Application of channel estimation to underwater,acoustic communication.
详细信息
文摘
The underwater channel poses numerous challenges for acoustic communication. Acoustic waves suffer long propagation delay, multipath and fading, limited bandwidth, and potentially high spatial and temporal variability. In addition, there is no typical underwater acoustic channel; even body of water exhibits quantifiably different properties. Consequently, current modems---implemented in hardware with a fixed, conservative set of transmission parameters---are often ill-suited for a particular channel, resulting in performance that is far from optimum. Very little work has been done in the area of channel characterization, especially for waters only several meters deep. As a result, network simulations often make conservative and/or inaccurate assumptions about shallow underwater channels. In this thesis the Hudson River estuary is characterized as an acoustic communication channel. The analysis reveals that the Hudson is a multipath fading channel Rician fading over 200 m and Gamma fading over 505 m) with an extremely short coherence time of approximately 50 ms.
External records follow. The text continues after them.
definition fiber_next :: "nat \<Rightarrow> (nat \<Rightarrow> nat) \<Rightarrow> nat \<Rightarrow> nat \<Rightarrow> bool" where
  "fiber_next n f c d \<longleftrightarrow> c \<in> {1..n} \<and> d \<in> {1..n} \<and> c < d \<and> f c = f d \<and>
     (\<forall>e\<in>{1..n}. f e = f c \<longrightarrow> \<not> (c < e \<and> e < d))"

lemma card_bij_betw_atMost:
  assumes g: "bij_betw g {1..n} {1..n}" and q: "q \<le> n"
  shows "card {k \<in> {1..n}. g k \<le> q} = q"
proof -
  have "g ` {k \<in> {1..n}. g k \<le> q} = {1..q}"
  proof
    show "g ` {k \<in> {1..n}. g k \<le> q} \<subseteq> {1..q}" using g unfolding bij_betw_def by auto
    show "{1..q} \<subseteq> g ` {k \<in> {1..n}. g k \<le> q}"
    proof
      fix p assume p: "p \<in> {1..q}"
      then have "p \<in> g ` {1..n}" using g q unfolding bij_betw_def by auto
      then show "p \<in> g ` {k \<in> {1..n}. g k \<le> q}" using p by auto
    qed
  qed
  then have "bij_betw g {k \<in> {1..n}. g k \<le> q} {1..q}"
    by (intro bij_betw_subset[OF g]) auto
  then show ?thesis by (simp add: bij_betw_same_card)
qed

locale shi_point =
  fixes n :: nat and x :: "nat \<Rightarrow> real"
  assumes in_complement: "x \<in> shi_complement n"
begin

abbreviation "N \<equiv> {1..n}"
abbreviation "pos \<equiv> shi_pos n x"
abbreviation "is_arc \<equiv> shi_arc n x"
abbreviation "is_min_arc \<equiv> shi_min_arc n x"
abbreviation "chain \<equiv> shi_same_chain n x"
abbreviation "min_arcs \<equiv> {(a, b). is_min_arc a b}"
abbreviation "\<sigma> \<equiv> shi_sigma_at n x"

lemma inj_on_x: "inj_on x N"
proof (rule inj_onI, rule ccontr)
  fix a b assume ab: "a \<in> N" "b \<in> N" "x a = x b" "a \<noteq> b"
  then consider "a < b" | "b < a" by linarith
  then show False
    by cases (use ab in_complement in \<open>fastforce simp: shi_complement_def\<close>)+
qed

lemma pos_less_iff:
  assumes a: "a \<in> N" and b: "b \<in> N"
  shows "pos a < pos b \<longleftrightarrow> x b < x a"
proof
  assume "x b < x a"
  then have "{k \<in> N. x k > x a} \<subset> {k \<in> N. x k > x b}" using a by auto
  then show "pos a < pos b" unfolding shi_pos_def by (simp add: psubset_card_mono)
next
  assume less: "pos a < pos b"
  show "x b < x a"
  proof (rule ccontr)
    assume "\<not> x b < x a"
    then have "{k \<in> N. x k > x b} \<subseteq> {k \<in> N. x k > x a}" by auto
    then have "card {k \<in> N. x k > x b} \<le> card {k \<in> N. x k > x a}" by (intro card_mono) auto
    then show False using less unfolding shi_pos_def by simp
  qed
qed

lemma pos_le_iff: "a \<in> N \<Longrightarrow> b \<in> N \<Longrightarrow> pos a \<le> pos b \<longleftrightarrow> x b \<le> x a"
  using pos_less_iff[of b a] by (simp add: not_less[symmetric])

lemma inj_on_pos: "inj_on pos N"
proof (rule inj_onI)
  fix a b assume ab: "a \<in> N" "b \<in> N" "pos a = pos b"
  then have "\<not> x a < x b" "\<not> x b < x a" using pos_less_iff[of a b] pos_less_iff[of b a] by auto
  then have "x a = x b" by linarith
  then show "a = b" using inj_on_x ab by (simp add: inj_on_eq_iff)
qed

lemma pos_in: assumes a: "a \<in> N" shows "pos a \<in> N"
proof -
  have "{k \<in> N. x k > x a} \<subseteq> N - {a}" by auto
  then have "card {k \<in> N. x k > x a} \<le> n - 1"
    using a card_mono[of "N - {a}"] by fastforce
  then show ?thesis using a unfolding shi_pos_def by auto
qed

lemma bij_pos: "bij_betw pos N N"
  using inj_on_pos pos_in endo_inj_surj[of N pos] unfolding bij_betw_def by blast

lemma is_arc_D: "is_arc i j \<Longrightarrow> i \<in> N \<and> j \<in> N \<and> i < j \<and> pos i < pos j"
  unfolding shi_arc_def using pos_less_iff[of i j] by auto

lemma min_arc_D: "is_min_arc c d \<Longrightarrow> is_arc c d \<and> c \<in> N \<and> d \<in> N \<and> c < d \<and> pos c < pos d"
  unfolding shi_min_arc_def using is_arc_D by blast

lemma min_arc_not_nested:
  assumes "is_min_arc c d" "is_min_arc c' d'" "pos c \<le> pos c'" "pos d' \<le> pos d"
  shows "c = c' \<and> d = d'"
  using assms min_arc_D unfolding shi_min_arc_def by blast

lemma min_arc_target_unique: "is_min_arc c d \<Longrightarrow> is_min_arc c d' \<Longrightarrow> d = d'"
  using min_arc_not_nested[of c d c d'] min_arc_not_nested[of c d' c d] by fastforce

lemma min_arc_source_unique: "is_min_arc c d \<Longrightarrow> is_min_arc c' d \<Longrightarrow> c = c'"
  using min_arc_not_nested[of c d c' d] min_arc_not_nested[of c' d c d] by fastforce

lemma min_arc_pos_mono: "is_min_arc c d \<Longrightarrow> is_min_arc c' d' \<Longrightarrow> pos c < pos c' \<Longrightarrow> pos d < pos d'"
  using min_arc_not_nested[of c d c' d'] by force

lemma arc_contains_min_arc:
  "is_arc i l \<Longrightarrow> \<exists>c d. is_min_arc c d \<and> pos i \<le> pos c \<and> pos d \<le> pos l"
proof (induction "pos l - pos i" arbitrary: i l rule: less_induct)
  case less
  show ?case
  proof (cases "is_min_arc i l")
    case False
    then obtain j k where jk: "is_arc j k" "(j, k) \<noteq> (i, l)" "pos i \<le> pos j" "pos k \<le> pos l"
      using less.prems unfolding shi_min_arc_def by blast
    then have "pos j \<noteq> pos i \<or> pos k \<noteq> pos l"
      using is_arc_D less.prems inj_on_pos by (metis inj_on_eq_iff)
    then have "pos k - pos j < pos l - pos i" using jk is_arc_D[OF jk(1)] by auto
    from less.hyps[OF this jk(1)] jk show ?thesis by fastforce
  qed blast
qed

lemma is_arc_iff:
  "is_arc i l \<longleftrightarrow> i \<in> N \<and> l \<in> N \<and> i < l \<and> (\<exists>c d. is_min_arc c d \<and> pos i \<le> pos c \<and> pos d \<le> pos l)"
proof
  assume "i \<in> N \<and> l \<in> N \<and> i < l \<and> (\<exists>c d. is_min_arc c d \<and> pos i \<le> pos c \<and> pos d \<le> pos l)"
  then obtain c d where il: "i \<in> N" "l \<in> N" "i < l"
    and cd: "is_min_arc c d" "pos i \<le> pos c" "pos d \<le> pos l" by blast
  then have "x c \<le> x i" "x l \<le> x d" "x c - x d > 1"
    using pos_le_iff min_arc_D[OF cd(1)] unfolding shi_arc_def by auto
  then show "is_arc i l" using il unfolding shi_arc_def by auto
qed (use arc_contains_min_arc is_arc_D in blast)

lemma chain_iff: "chain i j \<longleftrightarrow> (i, j) \<in> (min_arcs \<union> min_arcs\<inverse>)\<^sup>*"
  unfolding shi_same_chain_def converse_unfold by simp

lemma chain_refl: "chain a a"
  unfolding chain_iff by simp

lemma chain_sym: "chain a b \<Longrightarrow> chain b a"
proof -
  have "(min_arcs \<union> min_arcs\<inverse>)\<inverse> = min_arcs \<union> min_arcs\<inverse>" by auto
  then show "chain a b \<Longrightarrow> chain b a" unfolding chain_iff by (metis rtrancl_converseI)
qed

lemma chain_trans: "chain a b \<Longrightarrow> chain b c \<Longrightarrow> chain a c"
  unfolding chain_iff by (rule rtrancl_trans)

lemma chain_if_min_arc: "is_min_arc a b \<Longrightarrow> chain a b"
  unfolding chain_iff by auto

lemma min_arcs_rtrancl_D:
  "(a, b) \<in> min_arcs\<^sup>* \<Longrightarrow> a = b \<or> (a \<in> N \<and> b \<in> N \<and> a < b \<and> pos a < pos b)"
  by (induction rule: rtrancl_induct) (use min_arc_D in fastforce)+

lemma min_arcs_rtrancl_linear:
  assumes "(h, a) \<in> min_arcs\<^sup>*" "(h, b) \<in> min_arcs\<^sup>*"
  shows "(a, b) \<in> min_arcs\<^sup>* \<or> (b, a) \<in> min_arcs\<^sup>*"
  using assms(2)
proof (induction rule: rtrancl_induct)
  case (step b b')
  from step.IH show ?case
  proof
    assume "(a, b) \<in> min_arcs\<^sup>*"
    with step.hyps(2) show ?thesis by (simp add: rtrancl_into_rtrancl)
  next
    assume "(b, a) \<in> min_arcs\<^sup>*"
    then show ?thesis
    proof (cases rule: converse_rtranclE)
      case (step b'')
      then show ?thesis using step.hyps(2) min_arc_target_unique by auto
    qed (use step.hyps(2) in auto)
  qed
qed (use assms(1) in simp)

definition chain_head :: "nat \<Rightarrow> bool" where
  "chain_head h \<longleftrightarrow> h \<in> N \<and> (\<forall>c. \<not> is_min_arc c h)"

lemma chain_head_reaches:
  assumes h: "chain_head h" and c: "chain h b"
  shows "(h, b) \<in> min_arcs\<^sup>*"
  using c unfolding chain_iff
proof (induction rule: rtrancl_induct)
  case (step v u)
  from step.hyps(2) show ?case
  proof
    assume "(v, u) \<in> min_arcs"
    with step.IH show ?thesis by (rule rtrancl_into_rtrancl)
  next
    assume vu: "(v, u) \<in> min_arcs\<inverse>"
    from step.IH show ?thesis
    proof (cases rule: rtranclE)
      case base then show ?thesis using h vu unfolding chain_head_def by auto
    next
      case (step v')
      then show ?thesis using vu min_arc_source_unique by auto
    qed
  qed
qed simp

lemma exists_chain_head: "a \<in> N \<Longrightarrow> \<exists>h. chain_head h \<and> chain a h"
proof (induction "pos a" arbitrary: a rule: less_induct)
  case less
  show ?case
  proof (cases "chain_head a")
    case False
    then obtain c where c: "is_min_arc c a" unfolding chain_head_def using less.prems by auto
    then have "pos c < pos a" "c \<in> N" using min_arc_D by auto
    from less.hyps[OF this] obtain h where "chain_head h" "chain c h" by blast
    then show ?thesis using chain_trans chain_sym chain_if_min_arc c by blast
  qed (use chain_refl in blast)
qed

lemma sigma_eq_pos_chain_head:
  assumes a: "a \<in> N" and h: "chain_head h" "chain a h"
  shows "\<sigma> a = pos h"
proof -
  have "Min {pos j | j. j \<in> N \<and> chain a j} = pos h"
  proof (rule Min_eqI)
    show "finite {pos j | j. j \<in> N \<and> chain a j}" by simp
    show "pos h \<in> {pos j | j. j \<in> N \<and> chain a j}" using h unfolding chain_head_def by auto
  next
    fix p assume "p \<in> {pos j | j. j \<in> N \<and> chain a j}"
    then obtain j where j: "p = pos j" "j \<in> N" "chain a j" by auto
    then have "(h, j) \<in> min_arcs\<^sup>*" using chain_head_reaches h chain_sym chain_trans by blast
    then show "pos h \<le> p" using min_arcs_rtrancl_D j by force
  qed
  then show ?thesis using a unfolding shi_sigma_at_def by simp
qed

lemma chain_head_unique: "chain_head h \<Longrightarrow> chain_head h' \<Longrightarrow> chain h h' \<Longrightarrow> h = h'"
  using chain_head_reaches chain_sym min_arcs_rtrancl_D by (metis order_less_asym)

lemma sigma_eq_iff_chain:
  assumes a: "a \<in> N" and b: "b \<in> N"
  shows "\<sigma> a = \<sigma> b \<longleftrightarrow> chain a b"
proof -
  obtain ha where ha: "chain_head ha" "chain a ha" using exists_chain_head a by blast
  obtain hb where hb: "chain_head hb" "chain b hb" using exists_chain_head b by blast
  have "\<sigma> a = \<sigma> b \<longleftrightarrow> ha = hb"
    using sigma_eq_pos_chain_head a b ha hb inj_on_pos unfolding chain_head_def
    by (metis inj_on_eq_iff)
  also have "\<dots> \<longleftrightarrow> chain a b"
    using ha hb chain_head_unique chain_sym chain_trans by metis
  finally show ?thesis .
qed

lemma sigma_le_pos: assumes a: "a \<in> N" shows "\<sigma> a \<le> pos a"
proof -
  obtain h where h: "chain_head h" "chain a h" using exists_chain_head a by blast
  have "(h, a) \<in> min_arcs\<^sup>*" using chain_head_reaches h chain_sym by blast
  then show ?thesis using sigma_eq_pos_chain_head[OF a h] by (auto dest: min_arcs_rtrancl_D)
qed

lemma sigma_in: assumes a: "a \<in> N" shows "\<sigma> a \<in> N"
proof -
  obtain h where h: "chain_head h" "chain a h" using exists_chain_head a by blast
  then show ?thesis using sigma_eq_pos_chain_head[OF a h] pos_in unfolding chain_head_def by auto
qed

lemma chain_head_iff_sigma_eq_pos: assumes a: "a \<in> N" shows "chain_head a \<longleftrightarrow> \<sigma> a = pos a"
proof
  assume sa: "\<sigma> a = pos a"
  show "chain_head a" unfolding chain_head_def
  proof (intro conjI allI notI)
    fix c assume c: "is_min_arc c a"
    then have "c \<in> N" "pos c < pos a" "\<sigma> c = \<sigma> a"
      using min_arc_D sigma_eq_iff_chain chain_if_min_arc by blast+
    then show False using sigma_le_pos sa by fastforce
  qed (use a in auto)
qed (use sigma_eq_pos_chain_head a chain_refl in blast)

lemma chain_head_le: assumes h: "chain_head h" and b: "b \<in> N" "\<sigma> b = \<sigma> h" shows "h \<le> b"
proof -
  have "chain h b" using sigma_eq_iff_chain[of h b] b h unfolding chain_head_def by simp
  then have "(h, b) \<in> min_arcs\<^sup>*" by (rule chain_head_reaches[OF h])
  then show ?thesis by (auto dest: min_arcs_rtrancl_D)
qed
A subset of the estimation techniques is then employed to develop a network simulation and an adaptive, real-time software modem. The simulator converts a transmitted packet into a modulated signal and digitally mixes it with the channel estimates to produce a signal that approximates what would have been received after transmission through the physical channel. When simulating a time-invariant channel, the achieved bit error rates are, on average, within 3.34% of those obtained by transmission through the actual channel. The simulator is modular and can easily accommodate new channel estimates, modulation schemes, receiver techniques, and alternate implementations of higher layers in the network stack. In the software modem each packet is preceded by an acoustic signal that is used for impulse response estimation. The modem then processes the signal in real time and uses the inverse impulse response to equalize the channel, allowing for the transmission of packets at higher data rates with symbols whose duration is less than the multipath spread of the channel. In a time-invariant shallow water test channel, the modem correctly decoded packets at up to 6 kbps. In an AWGN channel, the modems BER approached the theoretical limit for the given SNR.